In the middle of the night, in a house on a quiet street in suburban Minneapolis, intruders silently murder Luke Ellis’s parents and load him into a black SUV. The operation takes less than two minutes. Luke will wake up at The Institute, in a room that looks just like his own, except there’s no window. And outside his door are other doors, behind which are other kids with special talents—telekinesis and telepathy—who got to this place the same way Luke did: Kalisha, Nick, George, Iris, and ten-year-old Avery Dixon. They are all in Front Half. Others, Luke learns, graduated to Back Half, “like the roach motel,” Kalisha says. “You check in, but you don’t check out.”
In this most sinister of institutions, the director, Mrs. Sigsby, and her staff are ruthlessly dedicated to extracting from these children the force of their extranormal gifts. There are no scruples here. If you go along, you get tokens for the vending machines. If you don’t, punishment is brutal. As each new victim disappears to Back Half, Luke becomes more and more desperate to get out and get help. But no one has ever escaped from the Institute.
As psychically terrifying as Firestarter, and with the spectacular kid power of It, The Institute is Stephen King’s gut-wrenchingly dramatic story of good vs. evil in a world where the good guys don’t always win.
To say that the book is gripping would be an understatement. King hooks the reader in with threads of people who seem to have nothing to do with each other but in as the reader we know there must be a reason we are introduced to these characters. By the end the reader is fully invested and the action never slows or disappoints.
Luke Ellis is a child genius. He’s able to ace the SAT with hardly breaking a sweat, he is able to get accepted into two Ivy League schools, and sometimes, just occasionally, he can knock and empty pizza platter off of a table with his mind. He’s twelve years old. To him, the least interesting thing about him is his mild telekinetic ability.
Meanwhile we meet Tim Jamieson who makes a sudden and possibly irrational decision to get off of a flight to New York and go wandering for a while. He ends up in DuPray, South Carolina, where he becomes what is known as a night knocker. This is sort of like a police officer, but it’s more like a security guard who walks around town, making sure nothing terrible is happening to disturb the peace of the quiet town. Little does he know it, but eventually, Tim and Luke’s fate will collide.
Luke wakes one day to find himself in a room that is almost his, but not quite.
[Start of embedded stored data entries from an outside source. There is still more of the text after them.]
lemma fmul2_rels_left:
  assumes "f \<in> R1" "g \<in> free_on U2 V2"
  shows "fmul2 mm f g \<in> R3"
proof -
  have g: "fin_supp g" "supp g \<subseteq> U2 \<times> V2" using assms(2) by (auto simp: free_on_iff)
  have "fmul2 mm \<gamma> g \<in> R3" if \<gamma>: "\<gamma> \<in> tensor_gens add1 sc1 U1 addV1 scV1 V1" for \<gamma>
  proof (rule fs_linear_lincombs_mem[OF fun_subspace_tensor_rels _ _ lincombs_ind[OF g(1)]])
    have "\<gamma> \<in> free_on U1 V1" using \<gamma> tensor_gens_free_on[OF closed1] by blast
    then show "fs_linear (fmul2 mm \<gamma>)" by (simp add: fs_linear_fmul2_right free_on_iff)
    show "fin_supp h \<and> fmul2 mm \<gamma> h \<in> R3" if "h \<in> ind ` supp g" for h
      using that g(2) fmul2_gen_ind_in_rels[OF \<gamma>] by auto
  qed
  moreover have "fin_supp \<gamma>" if "\<gamma> \<in> tensor_gens add1 sc1 U1 addV1 scV1 V1" for \<gamma>
    using that tensor_gens_free_on[OF closed1] by (auto simp: free_on_iff)
  ultimately show ?thesis
    using assms(1) unfolding tensor_rels_eq_lincombs[of add1]
    by (intro fs_linear_lincombs_mem[OF fun_subspace_tensor_rels fs_linear_fmul2_left[OF g(1)]]) auto
qed

lemma fmul2_rels_right:
  assumes "f \<in> free_on U1 V1" "g \<in> R2"
  shows "fmul2 mm f g \<in> R3"
proof -
  have f: "fin_supp f" "supp f \<subseteq> U1 \<times> V1" using assms(1) by (auto simp: free_on_iff)
  have "fmul2 mm f \<gamma> \<in> R3" if \<gamma>: "\<gamma> \<in> tensor_gens add2 sc2 U2 addV2 scV2 V2" for \<gamma>
  proof (rule fs_linear_lincombs_mem[OF fun_subspace_tensor_rels _ _ lincombs_ind[OF f(1)]])
    have "\<gamma> \<in> free_on U2 V2" using \<gamma> tensor_gens_free_on[OF closed2] by blast
    then show "fs_linear (\<lambda>h. fmul2 mm h \<gamma>)" by (simp add: fs_linear_fmul2_left free_on_iff)
    show "fin_supp h \<and> fmul2 mm h \<gamma> \<in> R3" if "h \<in> ind ` supp f" for h
      using that f(2) fmul2_ind_gen_in_rels[OF _ \<gamma>] by auto
  qed
  moreover have "fin_supp \<gamma>" if "\<gamma> \<in> tensor_gens add2 sc2 U2 addV2 scV2 V2" for \<gamma>
    using that tensor_gens_free_on[OF closed2] by (auto simp: free_on_iff)
  ultimately show ?thesis
    using assms(2) unfolding tensor_rels_eq_lincombs[of add2]
    by (intro fs_linear_lincombs_mem[OF fun_subspace_tensor_rels fs_linear_fmul2_right[OF f(1)]]) auto
qed

lemma tcls_fmul2_rep:
  assumes f: "f \<in> free_on U1 V1" and g: "g \<in> free_on U2 V2"
  shows "tcls R3 (fmul2 mm (rep (tcls R1 f)) (rep (tcls R2 g))) = tcls R3 (fmul2 mm f g)"
proof -
  let ?f = "rep (tcls R1 f)" and ?g = "rep (tcls R2 g)"
  have f': "?f \<in> free_on U1 V1"
    by (rule rep_tcls_mem[OF fun_subspace_tensor_rels fun_subspace_free_on tensor_rels_free_on[OF closed1] f])
  have g': "?g \<in> free_on U2 V2"
    by (rule rep_tcls_mem[OF fun_subspace_tensor_rels fun_subspace_free_on tensor_rels_free_on[OF closed2] g])
  have fs: "fin_supp f" "fin_supp g" "fin_supp ?f" "fin_supp ?g" using f g f' g' by (auto simp: free_on_iff)
  have "(\<lambda>r. fmul2 mm ?f ?g r - fmul2 mm f g r) =
      (\<lambda>r. fmul2 mm (\<lambda>p. ?f p - f p) ?g r + fmul2 mm f (\<lambda>p. ?g p - g p) r)"
    using fs by (simp add: fmul2_diff_left fmul2_diff_right)
  also have "\<dots> \<in> R3"
    by (intro fun_subspace_add[OF fun_subspace_tensor_rels] fmul2_rels_left fmul2_rels_right
        rep_tcls_diff[OF fun_subspace_tensor_rels] f g')
  finally show ?thesis by (simp add: tcls_eq_iff[OF fun_subspace_tensor_rels])
qed

lemma fmul2_free_on:
  assumes "f \<in> free_on U1 V1" "g \<in> free_on U2 V2"
  shows "fmul2 mm f g \<in> free_on U3 V3"
proof -
  have "supp (fmul2 mm f g) \<subseteq> U3 \<times> V3"
    using supp_fmul2[of mm f g] assms by (auto simp: free_on_iff intro!: mu_in nu_in)
  then show ?thesis using assms by (simp add: free_on_iff)
qed

end

definition lin_ext :: "('p \<Rightarrow> ('r \<Rightarrow> 'k) set) \<Rightarrow> ('p \<Rightarrow> 'k::comm_ring_1) \<Rightarrow> ('r \<Rightarrow> 'k)" where
  "lin_ext \<beta> f = (\<lambda>r. \<Sum>p\<in>supp f. f p * rep (\<beta> p) r)"

definition tensor_lift :: "('r \<Rightarrow> 'k) set \<Rightarrow> ('p \<Rightarrow> ('r \<Rightarrow> 'k) set) \<Rightarrow> ('p \<Rightarrow> 'k::comm_ring_1) set \<Rightarrow> ('r \<Rightarrow> 'k) set" where
  "tensor_lift R' \<beta> X = tcls R' (lin_ext \<beta> (rep X))"

lemma lin_ext_eq_sum: "finite P \<Longrightarrow> supp f \<subseteq> P \<Longrightarrow> lin_ext \<beta> f r = (\<Sum>p\<in>P. f p * rep (\<beta> p) r)"
  unfolding lin_ext_def by (rule sum.mono_neutral_left) (auto simp: supp_def)

lemma fs_linear_lin_ext:
  fixes \<beta> :: "'p \<Rightarrow> ('r \<Rightarrow> 'k::comm_ring_1) set"
  shows "fs_linear (lin_ext \<beta>)"
  unfolding fs_linear_def
proof (intro conjI allI impI ext)
  fix f g :: "'p \<Rightarrow> 'k" and x assume "fin_supp f" "fin_supp g"
  then have "finite (supp f \<union> supp g)" by (simp add: fin_supp_def)
  moreover have "supp (\<lambda>p. f p + g p) \<subseteq> supp f \<union> supp g" by (auto simp: supp_def)
  ultimately show "lin_ext \<beta> (\<lambda>p. f p + g p) x = lin_ext \<beta> f x + lin_ext \<beta> g x"
    by (simp add: lin_ext_eq_sum[of "supp f \<union> supp g"] distrib_right sum.distrib)
next
  fix f :: "'p \<Rightarrow> 'k" and c x assume "fin_supp f"
  moreover have "supp (\<lambda>p. c * f p) \<subseteq> supp f" by (auto simp: supp_def)
  ultimately show "lin_ext \<beta> (\<lambda>p. c * f p) x = c * lin_ext \<beta> f x"
    by (simp add: lin_ext_eq_sum[of "supp f"] fin_supp_def sum_distrib_left mult.assoc)
qed

lemma lin_ext_ind: "lin_ext \<beta> (ind q) = rep (\<beta> q)"
  by (rule ext) (simp add: lin_ext_eq_sum[of "{q}"] ind_def)

locale tensor_lift_setting =
  fixes addU :: "'u \<Rightarrow> 'u \<Rightarrow> 'u" and scU :: "'k::field \<Rightarrow> 'u \<Rightarrow> 'u" and U
    and addV :: "'v \<Rightarrow> 'v \<Rightarrow> 'v" and scV :: "'k \<Rightarrow> 'v \<Rightarrow> 'v" and V
    and R' :: "('u' \<times> 'v' \<Rightarrow> 'k) set" and U' V'
    and \<beta> :: "'u \<times> 'v \<Rightarrow> ('u' \<times> 'v' \<Rightarrow> 'k) set"
  assumes closedU: "lin_closed addU scU U" and closedV: "lin_closed addV scV V"
    and R'_subspace: "fun_subspace R'" and R'_free: "R' \<subseteq> free_on U' V'"
    and beta_in: "\<And>u v. u \<in> U \<Longrightarrow> v \<in> V \<Longrightarrow> \<beta> (u, v) \<in> tcarrier R' U' V'"
    and beta_add1: "\<And>u u' v. u \<in> U \<Longrightarrow> u' \<in> U \<Longrightarrow> v \<in> V \<Longrightarrow> \<beta> (addU u u', v) = tadd R' (\<beta> (u, v)) (\<beta> (u', v))"
    and beta_add2: "\<And>u v v'. u \<in> U \<Longrightarrow> v \<in> V \<Longrightarrow> v' \<in> V \<Longrightarrow> \<beta> (u, addV v v') = tadd R' (\<beta> (u, v)) (\<beta> (u, v'))"
    and beta_sc1: "\<And>c u v. u \<in> U \<Longrightarrow> v \<in> V \<Longrightarrow> \<beta> (scU c u, v) = tscale R' c (\<beta> (u, v))"
    and beta_sc2: "\<And>c u v. u \<in> U \<Longrightarrow> v \<in> V \<Longrightarrow> \<beta> (u, scV c v) = tscale R' c (\<beta> (u, v))"
begin

abbreviation "R \<equiv> tensor_rels addU scU U addV scV V"
abbreviation "lift \<equiv> tensor_lift R' \<beta>"

lemma rep_beta_free_on: "u \<in> U \<Longrightarrow> v \<in> V \<Longrightarrow> rep (\<beta> (u, v)) \<in> free_on U' V'"
  using beta_in rep_tcls_mem[OF R'_subspace fun_subspace_free_on R'_free] by (metis tcarrierE)

lemma lin_ext_gens_in_rels:
  assumes "\<gamma> \<in> tensor_gens addU scU U addV scV V"
  shows "lin_ext \<beta> \<gamma> \<in> R'"
proof -
  have diff: "lin_ext \<beta> (\<lambda>p. f p - g p) = (\<lambda>r. lin_ext \<beta> f r - lin_ext \<beta> g r)"
    if "fin_supp f" "fin_supp g" for f g
    by (rule fs_linear_diff[OF fs_linear_lin_ext that])
  have add: "(\<lambda>r. rep (tadd R' X Y) r - rep X r - rep Y r) \<in> R'" for X Y
    using rep_tcls_diff[OF R'_subspace, of "\<lambda>p. rep X p + rep Y p"] unfolding tadd_def
    by (simp add: diff_diff_add)
  have scale: "(\<lambda>r. rep (tscale R' c X) r - c * rep X r) \<in> R'" for X c
    using rep_tcls_diff[OF R'_subspace, of "\<lambda>p. c * rep X p"] unfolding tscale_def by simp
  from assms show ?thesis unfolding tensor_gens_def
    by (auto simp: diff lin_ext_ind fs_linear_scale[OF fs_linear_lin_ext]
        beta_add1 beta_add2 beta_sc1 beta_sc2 add scale)
qed

lemma lin_ext_rels: "f \<in> R \<Longrightarrow> lin_ext \<beta> f \<in> R'"
  unfolding tensor_rels_eq_lincombs
proof (rule fs_linear_lincombs_mem[OF R'_subspace fs_linear_lin_ext])
  fix g assume "g \<in> tensor_gens addU scU U addV scV V"
  then show "fin_supp g \<and> lin_ext \<beta> g \<in> R'"
    using tensor_gens_free_on[OF closedU closedV] lin_ext_gens_in_rels by (auto simp: free_on_iff)
qed

lemma tensor_lift_tcls:
  assumes "f \<in> free_on U V"
  shows "lift (tcls R f) = tcls R' (lin_ext \<beta> f)"
proof -
  let ?g = "rep (tcls R f)"
  have "?g \<in> free_on U V"
    by (rule rep_tcls_mem[OF fun_subspace_tensor_rels fun_subspace_free_on
          tensor_rels_free_on[OF closedU closedV] assms])
  then have "lin_ext \<beta> (\<lambda>p. ?g p - f p) = (\<lambda>r. lin_ext \<beta> ?g r - lin_ext \<beta> f r)"
    using assms by (intro fs_linear_diff[OF fs_linear_lin_ext]) (auto simp: free_on_iff)
  with lin_ext_rels[OF rep_tcls_diff[OF fun_subspace_tensor_rels, where f=f]] show ?thesis
    unfolding tensor_lift_def by (simp add: tcls_eq_iff[OF R'_subspace])
qed

lemma lin_ext_free_on:
  assumes "f \<in> free_on U V"
  shows "lin_ext \<beta> f \<in> free_on U' V'"
proof -
  have "(\<lambda>r. \<Sum>p\<in>supp f. f p * rep (\<beta> p) r) \<in> free_on U' V'"
    using assms rep_beta_free_on
    by (intro fun_subspace_sum[OF fun_subspace_free_on] free_on_scale) (auto simp: free_on_iff fin_supp_def)
  then show ?thesis by (simp add: lin_ext_def)
qed

lemma tensor_lift_in: "f \<in> free_on U V \<Longrightarrow> lift (tcls R f) \<in> tcarrier R' U' V'"
  by (simp add: tensor_lift_tcls lin_ext_free_on tcls_in_tcarrier)

lemma tensor_lift_tmk:
  assumes "u \<in> U" "v \<in> V"
  shows "lift (tmk R u v) = \<beta> (u, v)"
proof -
  obtain g where "\<beta> (u, v) = tcls R' g" using beta_in[OF assms] by (rule tcarrierE)
  then show ?thesis
    using assms by (simp add: tmk_def tensor_lift_tcls free_on_ind lin_ext_ind tcls_rep[OF R'_subspace])
qed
It turns out he has been kidnapped and he is in what is known as the Front Half of “The Institute”. Here kids are kept and fed and experimented on. The people who took Luke don’t care that he is a genius, they only care about his psychic abilities. That’s an unfortunate mistake for them because if anyone can get out of the place and expose what is going on, it’s Luke with his genius level intellect. Only, he will need to do it before he is taken to Back Half. The kids who go there, never are seen again.
Of course, since this is a King book, there are moments that are truly and genuinely terrifying and might just give you nightmares. The book reminds me very much of Firestarter or even Carrie when it comes to kids and psychic abilities but it has it’s own flavor to it. In my opinion it’s one of the better recent Stephen King books and doesn’t suffer from a poor ending the way some of his work can. It left me wanting more and hoping that there might be a sequel. Psychic abilities is a subject that King likes to delve into a lot, from Danny Torrence in The Shining to The Institute and I feel like they all intersect in one way or another. I kept imagining what would happen if little Danny had been taken to the Institute instead of to the Overlook hotel or if the kids in the Institute had gone to that haunted hotel. Whatever the case, if King writes about these psychic abilities, I am all in because it always delivers a great story.
If you like Stephen King at all, pick this one up, you won’t be disappointed.